Scoring and relevance report from optimzely hosted cluster; packet interception using wireshark


I work for a website that uses a hosted Elasticsearch instance. My work focuses on improving search experience. However, I am frequently hitting a wall when it comes to scoring and relevance. The report Optimizely grants access to from the apply.personalization API call is not comprehensive enough- I am looking for something much more granular in terms of reproducing how every element of a document scored for a given search.

The documentation explains that Optimizely does not have a system in place to access the explain API to extract the information I am looking for. This has led me to explore packet interception with software like Wireshark- I wonder if anyone has had success with that approach and how they went about retrieving the information. Or, in this case, if the approach is possible at all.

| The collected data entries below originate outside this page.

text \<open>The affine equation of the fibre over t with all exponents reduced below q, for
  q \<le> dX - v \<le> 2 q - 2.\<close>

definition reduced_fibre :: "nat \<Rightarrow> int \<Rightarrow> nat \<Rightarrow> (expo \<Rightarrow> 'a::{field,finite}) \<Rightarrow> nat \<Rightarrow> 'a \<times> 'a \<Rightarrow> 'a poly" where
  "reduced_fibre \<eta> dT dX F v t =
     reduced_poly (card (UNIV :: 'a set)) (dX - v) (\<lambda>i. xcoeff \<eta> dT dX F (v + i) t)"

lemma poly_reduced_fibre:
  fixes F :: "expo \<Rightarrow> 'a::{field,finite}"
  assumes F: "in_R \<eta> dT dX F" and v: "lowest_xcoeff \<eta> dT dX F v" and t: "t \<in> proj_line"
  shows "poly (reduced_fibre \<eta> dT dX F v t) y = eval_at F t (1, y)"
proof -
  have "eval_at F t (1, y) = (\<Sum>i\<le>dX - v. xcoeff \<eta> dT dX F (v + i) t * y ^ (dX - v - i))"
    unfolding eval_at_affine[OF F] using v t
    by (subst sum_atMost_drop_zeros[where v = v]) (auto simp: lowest_xcoeff_def)
  then show ?thesis by (simp add: reduced_fibre_def poly_reduced_poly)
qed

lemma card_affine_zeros_le_degree:
  fixes F :: "expo \<Rightarrow> 'a::{field,finite}"
  assumes "in_R \<eta> dT dX F" "lowest_xcoeff \<eta> dT dX F v" "t \<in> proj_line"
    and "reduced_fibre \<eta> dT dX F v t \<noteq> 0"
  shows "card {y. eval_at F t (1, y) = 0} \<le> degree (reduced_fibre \<eta> dT dX F v t)"
  using card_poly_roots_bound[OF assms(4)] by (simp add: poly_reduced_fibre[OF assms(1-3)])

lemma degree_reduced_fibre_le:
  fixes F :: "expo \<Rightarrow> 'a::{field,finite}"
  assumes "dX - v = card (UNIV :: 'a set) + s" "s + u + 2 \<le> card (UNIV :: 'a set)"
    and "\<And>u'. u' < u \<Longrightarrow> xcoeff \<eta> dT dX F (v + (s + 1 + u')) t = 0"
  shows "degree (reduced_fibre \<eta> dT dX F v t) \<le> card (UNIV :: 'a set) - 1 - u"
  unfolding reduced_fibre_def by (rule degree_reduced_poly_le) (use assms in auto)

lemma coeff_reduced_fibre:
  fixes F :: "expo \<Rightarrow> 'a::{field,finite}"
  assumes "dX - v = card (UNIV :: 'a set) + s" "s + u + 3 \<le> card (UNIV :: 'a set)"
  shows "coeff (reduced_fibre \<eta> dT dX F v t) (card (UNIV :: 'a set) - 1 - u)
    = xcoeff \<eta> dT dX F (v + (s + 1 + u)) t"
proof -
  have "dX - v - (card (UNIV :: 'a set) - 1 - u) = s + 1 + u" using assms by simp
  then show ?thesis
    unfolding reduced_fibre_def using assms by (subst coeff_reduced_poly_mid[OF assms(1)]) auto
qed

lemma sum_proj_line_le_deficit:
  fixes f :: "'a::{field,finite} \<times> 'a \<Rightarrow> nat"
  defines "q \<equiv> card (UNIV :: 'a set)"
  assumes "N \<subseteq> proj_line" "L \<le> card N" "L \<le> q + 1" "\<And>t. t \<in> N \<Longrightarrow> f t \<le> K"
    and "\<And>t. t \<in> proj_line \<Longrightarrow> f t \<le> q" "K \<le> q"
  shows "int (\<Sum>t\<in>proj_line. f t) \<le> int q * (int q + 1) - int L * (int q - int K)"
proof -
  have "card (proj_line - N) \<le> q + 1 - L"
    using assms by (simp add: card_Diff_subset finite_subset card_proj_line)
  then have "(\<Sum>t\<in>proj_line. f t) \<le> (q + 1 - L) * q + (card (proj_line :: ('a \<times> 'a) set) - (q + 1 - L)) * K"
    by (intro sum_le_two_bounds) (use assms in \<open>auto simp: card_proj_line\<close>)
  then have "(\<Sum>t\<in>proj_line. f t) \<le> (q + 1 - L) * q + L * K"
    using assms(4) by (simp add: card_proj_line q_def)
  then have "int (\<Sum>t\<in>proj_line. f t) \<le> int ((q + 1 - L) * q + L * K)"
    by (simp only: of_nat_le_iff)
  also have "\<dots> = (int q + 1 - int L) * int q + int L * int K"
    using assms(4) by (simp add: of_nat_diff)
  also have "\<dots> = int q * (int q + 1) - int L * (int q - int K)"
    by (simp add: algebra_simps)
  finally show ?thesis .
qed

lemma sum_card_affine_zeros_le_vanishing:
  fixes F :: "expo \<Rightarrow> 'a::{field,finite}"
  defines "q \<equiv> card (UNIV :: 'a set)"
  assumes F: "in_R \<eta> dT dX F" and nf: "non_filling F" and v: "lowest_xcoeff \<eta> dT dX F v" "1 \<le> v"
    and e: "dX - v = q + s" "s + 2 \<le> q"
    and vanish: "\<And>u t. s + u + 3 \<le> q \<Longrightarrow> t \<in> proj_line \<Longrightarrow> xcoeff \<eta> dT dX F (v + (s + 1 + u)) t = 0"
  shows "int (\<Sum>t\<in>proj_line. card {y. eval_at F t (1, y) = 0}) \<le> int q * (int q + 1) - (int q - int s - 1)"
proof -
  obtain t1 y1 where t1: "t1 \<in> proj_line" "eval_at F t1 (1, y1) \<noteq> 0"
  proof -
    obtain t x where t: "t \<in> proj_line" "x \<in> proj_line" "eval_at F t x \<noteq> 0"
      using nf non_filling_iff_eval_at by blast
    moreover have "eval_at F t (0, 1) = 0"
      using v \<open>t \<in> proj_line\<close> by (simp add: eval_at_infinity[OF F] lowest_xcoeff_def)
    ultimately show ?thesis using that by (cases rule: proj_line_cases[OF t(2)]) auto
  qed
  then have "reduced_fibre \<eta> dT dX F v t1 \<noteq> 0"
    using poly_reduced_fibre[OF F v(1) t1(1)] by (metis poly_0)
  moreover have vanish_t1: "xcoeff \<eta> dT dX F (v + (s + 1 + u)) t1 = 0" if "u < q - 2 - s" for u
    using that by (intro vanish t1(1)) simp
  have "degree (reduced_fibre \<eta> dT dX F v t1) \<le> q - 1 - (q - 2 - s)"
    unfolding q_def by (rule degree_reduced_fibre_le) (use e vanish_t1 in \<open>auto simp: q_def\<close>)
  ultimately have "card {y. eval_at F t1 (1, y) = 0} \<le> s + 1"
    using card_affine_zeros_le_degree[OF F v(1) t1(1)] e by simp
  then have "int (\<Sum>t\<in>proj_line. card {y. eval_at F t (1, y) = 0}) \<le> int q * (int q + 1) - int 1 * (int q - int (s + 1))"
    by (intro sum_proj_line_le_deficit[of "{t1}", folded q_def])
      (use t1 e card_Collect_le_card_UNIV in \<open>auto simp: q_def\<close>)
  then show ?thesis by simp
qed

lemma sum_card_affine_zeros_le_first_high:
  fixes F :: "expo \<Rightarrow> 'a::{field,finite}" and \<eta> v s u :: nat and dT :: int
  defines "q \<equiv> card (UNIV :: 'a set)" and "V \<equiv> v + (s + 1 + u)"
  assumes F: "in_R \<eta> dT dX F" and v: "lowest_xcoeff \<eta> dT dX F v"
    and e: "dX - v = q + s" "s + u + 3 \<le> q"
    and below: "\<And>u' t. u' < u \<Longrightarrow> t \<in> proj_line \<Longrightarrow> xcoeff \<eta> dT dX F (v + (s + 1 + u')) t = 0"
    and t0: "t0 \<in> proj_line" "xcoeff \<eta> dT dX F V t0 \<noteq> 0"
  shows "int (\<Sum>t\<in>proj_line. card {y. eval_at F t (1, y) = 0})
    \<le> int q * (int q + 1) - max 1 (int q + 1 - int (xcoeff_deg \<eta> dT V)) * (int u + 1)"
proof -
  let ?N = "{t \<in> proj_line. xcoeff \<eta> dT dX F V t \<noteq> 0}"
  define L where "L = max 1 (q + 1 - xcoeff_deg \<eta> dT V)"
  have "0 \<le> dT + int \<eta> * int V" using t0(2) xcoeff_neg by (meson not_le)
  then have "card {t \<in> proj_line. xcoeff \<eta> dT dX F V t = 0} \<le> xcoeff_deg \<eta> dT V"
    using binary_form_card_zeros_le[OF binary_form_xcoeff t0] by blast
  moreover have "card ?N = q + 1 - card {t \<in> proj_line. xcoeff \<eta> dT dX F V t = 0}"
  proof -
    have "?N = proj_line - {t \<in> proj_line. xcoeff \<eta> dT dX F V t = 0}" by auto
    then show ?thesis by (simp add: card_Diff_subset card_proj_line q_def)
  qed
  moreover have "?N \<noteq> {}" using t0 by blast
  then have "1 \<le> card ?N" by (simp add: Suc_le_eq card_gt_0_iff)
  ultimately have "L \<le> card ?N" unfolding L_def by linarith
  have "card {y. eval_at F t (1, y) = 0} \<le> q - 1 - u" if "t \<in> ?N" for t
  proof -
    have "coeff (reduced_fibre \<eta> dT dX F v t) (q - 1 - u) \<noteq> 0"
      using coeff_reduced_fibre[where F = F and t = t, OF e[unfolded q_def]] that
      by (simp add: q_def V_def)
    then have "reduced_fibre \<eta> dT dX F v t \<noteq> 0" by auto
    moreover have "degree (reduced_fibre \<eta> dT dX F v t) \<le> q - 1 - u"
      unfolding q_def
      by (rule degree_reduced_fibre_le) (use e below[of _ t] that in \<open>auto simp: q_def\<close>)
    ultimately show ?thesis using card_affine_zeros_le_degree[OF F v] that by fastforce
  qed
  then have "int (\<Sum>t\<in>proj_line. card {y. eval_at F t (1, y) = 0}) \<le> int q * (int q + 1) - int L * (int q - int (q - 1 - u))"
    by (intro sum_proj_line_le_deficit[of ?N, folded q_def])
      (use \<open>L \<le> card ?N\<close> card_Collect_le_card_UNIV e in \<open>auto simp: L_def q_def\<close>)
  moreover have "int q - int (q - 1 - u) = int u + 1" using e by simp
  moreover have "int L = max 1 (int q + 1 - int (xcoeff_deg \<eta> dT V))" unfolding L_def by auto
  ultimately show ?thesis by (simp only:)
qed

lemma ceiling_div_bounds:
  fixes a b :: int
  assumes "0 < b"
  shows "b * (- (- a div b) - 1) < a" "a \<le> b * (- (- a div b))"
proof -
  have eq: "b * (- a div b) = - a - (- a) mod b" using mult_div_mod_eq[of b "- a"] by linarith
  have "0 \<le> (- a) mod b" "(- a) mod b < b" using assms by simp_all
  moreover have "b * (- (- a div b) - 1) = - (b * (- a div b)) - b" "b * (- (- a div b)) = - (b * (- a div b))"
    by (simp_all add: algebra_simps)
  ultimately show "b * (- (- a div b) - 1) < a" "a \<le> b * (- (- a div b))"
    using eq by linarith+
qed

lemma le_max_0_of_mult_pred_less:
  fixes \<eta> c a :: int
  assumes "1 \<le> \<eta>" "\<eta> * (c - 1) < a"
  shows "c \<le> max 0 a"
proof (cases "c \<le> 0")
  case False
  then have "c - 1 \<le> \<eta> * (c - 1)" using mult_right_mono[of 1 \<eta> "c - 1"] assms(1) by simp
  then show ?thesis using assms(2) by simp
qed simp

lemma deficit_lower_bound:
  fixes \<eta> c w q n s u :: int
  assumes "1 \<le> \<eta>" "0 \<le> u" "n = w + \<eta> * (s + 1 + u)" "\<eta> * (c - 1) < q - w"
  shows "c - s \<le> max 1 (q + 1 - n) * (u + 1)"
proof (cases "c \<le> s + 1 + u")
  case True
  have "u + 1 \<le> max 1 (q + 1 - n) * (u + 1)"
    using mult_right_mono[of 1 "max 1 (q + 1 - n)" "u + 1"] assms(2) by simp
  then show ?thesis using True by linarith
next
  case False
  define b where "b = c - 1 - (s + 1 + u)"
  have "0 \<le> b" using False b_def by simp
  have "\<eta> * (c - 1) = \<eta> * (s + 1 + u) + \<eta> * b" unfolding b_def by (simp add: algebra_simps)
  then have "\<eta> * b + 2 \<le> max 1 (q + 1 - n)" using assms(3,4) by linarith
  then have "(\<eta> * b + 2) * (u + 1) \<le> max 1 (q + 1 - n) * (u + 1)"
    using assms(2) by (intro mult_right_mono) auto
  moreover have "b \<le> \<eta> * b * (u + 1)"
  proof -
    have "1 * 1 \<le> \<eta> * (u + 1)" using assms(1,2) by (intro mult_mono) auto
    from mult_left_mono[OF this \<open>0 \<le> b\<close>] show ?thesis by (simp add: algebra_simps)
  qed
  ultimately show ?thesis unfolding b_def using assms(2) by (simp add: algebra_simps)
qed

lemma deficit_parameter_bounds:
  fixes \<eta> q s w :: nat and c :: int
  assumes "2 \<le> \<eta>" "2 \<le> q" "int \<eta> * int s < int q - int w"
    and "int \<eta> * (c - 1) < int q - int w" "int q - int w \<le> int \<eta> * c"
  shows "s + 2 \<le> q" "int s + 1 \<le> c" "c \<le> int q - 1"
proof -
  have "2 * int s \<le> int \<eta> * int s" using assms(1) by (intro mult_right_mono) auto
  then have "2 * s < q" using assms(3) by linarith
  then show "s + 2 \<le> q" using assms(2) by presburger
  show "int s + 1 \<le> c"
  proof (rule ccontr)
    assume "\<not> ?thesis"
    then have "int \<eta> * c \<le> int \<eta> * int s" by (intro mult_left_mono) auto
    then show False using assms(3,5) by linarith
  qed
  then have "2 * (c - 1) \<le> int \<eta> * (c - 1)" using assms(1) by (intro mult_right_mono) auto
  then have "2 * (c - 1) < int q" using assms(4) by linarith
  then show "c \<le> int q - 1" using assms(2) by presburger
qed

My objective is to determine why a field with few case-for-case matches would be scoring so high; the results are higher for items that have no terms in common with the original query and the mapped documents do not have any appropriate indications an edit distance was calculated. No visible distinctions are present, and manually creating a reverse index does not introduce any clarity. I want to see what went into index formation- though I know our tokenizers, the view into search from so high up is not useful when what breaks a search could be a single space.

I am green with the elasticstack, so my example might differ from my suggested approach to solving the problem so please let me know if I am on the right track.

Let me know what you think!

This topic was automatically closed 28 days after the last reply. New replies are no longer allowed.